* **Action item**
Your answer should show every line of the material below that includes "using".

-- Opening Marker --

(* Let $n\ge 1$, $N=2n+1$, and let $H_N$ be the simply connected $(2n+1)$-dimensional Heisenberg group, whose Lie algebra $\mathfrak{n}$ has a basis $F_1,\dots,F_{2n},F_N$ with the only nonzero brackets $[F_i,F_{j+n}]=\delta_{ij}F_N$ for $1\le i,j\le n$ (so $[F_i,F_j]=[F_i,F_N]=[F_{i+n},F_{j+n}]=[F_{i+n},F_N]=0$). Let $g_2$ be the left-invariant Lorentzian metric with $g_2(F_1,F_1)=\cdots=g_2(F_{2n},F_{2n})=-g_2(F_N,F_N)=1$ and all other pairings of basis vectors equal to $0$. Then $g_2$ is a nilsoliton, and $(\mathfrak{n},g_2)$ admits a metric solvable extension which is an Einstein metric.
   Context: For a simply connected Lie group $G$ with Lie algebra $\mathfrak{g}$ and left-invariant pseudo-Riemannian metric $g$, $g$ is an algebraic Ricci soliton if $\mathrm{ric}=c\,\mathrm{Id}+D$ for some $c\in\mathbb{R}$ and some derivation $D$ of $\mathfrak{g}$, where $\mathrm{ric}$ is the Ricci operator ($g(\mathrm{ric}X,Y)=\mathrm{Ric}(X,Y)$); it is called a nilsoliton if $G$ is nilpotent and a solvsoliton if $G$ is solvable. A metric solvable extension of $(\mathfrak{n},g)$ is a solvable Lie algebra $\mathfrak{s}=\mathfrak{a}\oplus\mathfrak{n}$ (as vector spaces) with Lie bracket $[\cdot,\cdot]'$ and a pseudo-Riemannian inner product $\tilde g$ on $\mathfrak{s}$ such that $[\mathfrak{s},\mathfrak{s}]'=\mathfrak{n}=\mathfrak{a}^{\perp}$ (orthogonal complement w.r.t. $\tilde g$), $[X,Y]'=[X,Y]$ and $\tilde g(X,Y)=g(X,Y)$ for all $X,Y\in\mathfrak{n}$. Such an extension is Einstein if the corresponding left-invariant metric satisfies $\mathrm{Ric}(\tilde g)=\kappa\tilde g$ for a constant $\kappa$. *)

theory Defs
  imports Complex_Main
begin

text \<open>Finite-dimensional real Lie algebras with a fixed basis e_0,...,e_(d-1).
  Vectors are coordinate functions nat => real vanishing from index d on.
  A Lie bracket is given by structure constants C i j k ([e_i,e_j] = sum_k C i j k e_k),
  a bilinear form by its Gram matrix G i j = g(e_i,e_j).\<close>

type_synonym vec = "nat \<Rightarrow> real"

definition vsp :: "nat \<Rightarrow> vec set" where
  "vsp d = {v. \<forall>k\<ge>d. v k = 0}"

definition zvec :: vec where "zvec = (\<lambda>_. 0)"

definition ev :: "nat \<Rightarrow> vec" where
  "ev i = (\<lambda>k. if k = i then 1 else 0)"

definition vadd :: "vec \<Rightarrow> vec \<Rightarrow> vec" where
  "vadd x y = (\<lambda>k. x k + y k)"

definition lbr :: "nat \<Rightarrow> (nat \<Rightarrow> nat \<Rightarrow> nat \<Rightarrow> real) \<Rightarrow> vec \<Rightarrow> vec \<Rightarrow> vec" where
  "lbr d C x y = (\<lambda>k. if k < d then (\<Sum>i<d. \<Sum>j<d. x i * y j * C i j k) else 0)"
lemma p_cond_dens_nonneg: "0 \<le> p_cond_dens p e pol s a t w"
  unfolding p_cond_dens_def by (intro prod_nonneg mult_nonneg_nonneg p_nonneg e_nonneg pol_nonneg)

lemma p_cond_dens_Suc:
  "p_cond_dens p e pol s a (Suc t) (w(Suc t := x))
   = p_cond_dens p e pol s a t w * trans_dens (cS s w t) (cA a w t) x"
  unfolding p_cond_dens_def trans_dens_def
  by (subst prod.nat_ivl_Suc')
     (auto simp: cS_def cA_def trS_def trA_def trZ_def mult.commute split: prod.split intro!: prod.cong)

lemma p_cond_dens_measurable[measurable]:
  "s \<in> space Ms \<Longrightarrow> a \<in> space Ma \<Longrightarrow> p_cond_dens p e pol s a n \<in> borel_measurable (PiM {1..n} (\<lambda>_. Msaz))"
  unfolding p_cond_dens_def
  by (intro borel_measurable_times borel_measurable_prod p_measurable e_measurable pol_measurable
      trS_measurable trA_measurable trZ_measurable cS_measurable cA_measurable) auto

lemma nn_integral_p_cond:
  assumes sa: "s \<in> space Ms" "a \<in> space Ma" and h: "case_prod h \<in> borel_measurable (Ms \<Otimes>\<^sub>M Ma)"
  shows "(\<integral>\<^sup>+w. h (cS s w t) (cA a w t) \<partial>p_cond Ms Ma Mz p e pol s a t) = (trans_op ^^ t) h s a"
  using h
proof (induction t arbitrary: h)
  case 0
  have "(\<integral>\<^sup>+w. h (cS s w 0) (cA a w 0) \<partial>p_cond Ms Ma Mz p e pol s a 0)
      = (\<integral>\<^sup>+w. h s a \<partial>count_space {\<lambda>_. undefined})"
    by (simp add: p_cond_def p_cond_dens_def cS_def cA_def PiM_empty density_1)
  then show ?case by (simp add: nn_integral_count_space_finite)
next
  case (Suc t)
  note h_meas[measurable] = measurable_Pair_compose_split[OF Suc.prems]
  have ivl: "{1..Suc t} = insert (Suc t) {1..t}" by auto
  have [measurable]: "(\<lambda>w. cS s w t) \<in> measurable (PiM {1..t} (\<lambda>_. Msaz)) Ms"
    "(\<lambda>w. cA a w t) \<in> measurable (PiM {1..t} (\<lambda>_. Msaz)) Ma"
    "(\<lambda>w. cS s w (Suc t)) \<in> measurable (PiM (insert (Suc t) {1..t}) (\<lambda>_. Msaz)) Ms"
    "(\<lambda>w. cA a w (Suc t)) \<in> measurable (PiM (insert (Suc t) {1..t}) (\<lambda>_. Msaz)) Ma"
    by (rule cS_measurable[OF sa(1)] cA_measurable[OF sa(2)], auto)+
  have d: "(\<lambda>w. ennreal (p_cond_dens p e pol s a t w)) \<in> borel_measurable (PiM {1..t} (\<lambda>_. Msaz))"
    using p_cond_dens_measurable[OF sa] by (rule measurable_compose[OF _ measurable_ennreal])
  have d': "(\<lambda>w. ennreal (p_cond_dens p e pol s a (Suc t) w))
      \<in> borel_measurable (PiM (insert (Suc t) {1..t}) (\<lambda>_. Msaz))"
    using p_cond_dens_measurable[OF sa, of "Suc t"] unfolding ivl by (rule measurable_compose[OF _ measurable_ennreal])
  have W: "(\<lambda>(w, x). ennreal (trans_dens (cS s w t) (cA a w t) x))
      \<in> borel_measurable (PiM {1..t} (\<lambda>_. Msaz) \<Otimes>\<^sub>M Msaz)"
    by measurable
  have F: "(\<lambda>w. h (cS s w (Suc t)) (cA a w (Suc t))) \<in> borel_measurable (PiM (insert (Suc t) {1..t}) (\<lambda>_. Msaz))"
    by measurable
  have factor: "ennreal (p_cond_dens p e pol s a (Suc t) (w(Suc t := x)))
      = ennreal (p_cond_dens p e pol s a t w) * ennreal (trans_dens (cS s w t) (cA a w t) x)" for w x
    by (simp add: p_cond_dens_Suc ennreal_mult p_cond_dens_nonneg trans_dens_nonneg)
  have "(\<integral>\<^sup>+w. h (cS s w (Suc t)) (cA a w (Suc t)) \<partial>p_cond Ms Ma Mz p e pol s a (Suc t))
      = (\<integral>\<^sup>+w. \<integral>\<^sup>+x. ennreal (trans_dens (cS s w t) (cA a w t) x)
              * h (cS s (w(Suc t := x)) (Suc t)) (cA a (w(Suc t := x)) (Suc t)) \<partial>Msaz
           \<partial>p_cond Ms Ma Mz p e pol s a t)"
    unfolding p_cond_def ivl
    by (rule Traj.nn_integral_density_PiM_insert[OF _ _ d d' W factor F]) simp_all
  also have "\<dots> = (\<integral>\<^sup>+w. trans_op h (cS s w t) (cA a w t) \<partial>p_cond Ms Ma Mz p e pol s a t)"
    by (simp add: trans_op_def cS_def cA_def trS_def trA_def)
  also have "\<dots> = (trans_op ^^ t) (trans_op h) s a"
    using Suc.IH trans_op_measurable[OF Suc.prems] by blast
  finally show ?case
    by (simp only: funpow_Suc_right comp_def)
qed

-- Closing Marker --

* **Result**
  using h
    using p_cond_dens_measurable[OF sa] by (rule measurable_compose[OF _ measurable_ennreal])
    using p_cond_dens_measurable[OF sa, of "Suc t"] unfolding ivl by (rule measurable_compose[OF _ measurable_ennreal])
    using Suc.IH trans_op_measurable[OF Suc.prems] by blast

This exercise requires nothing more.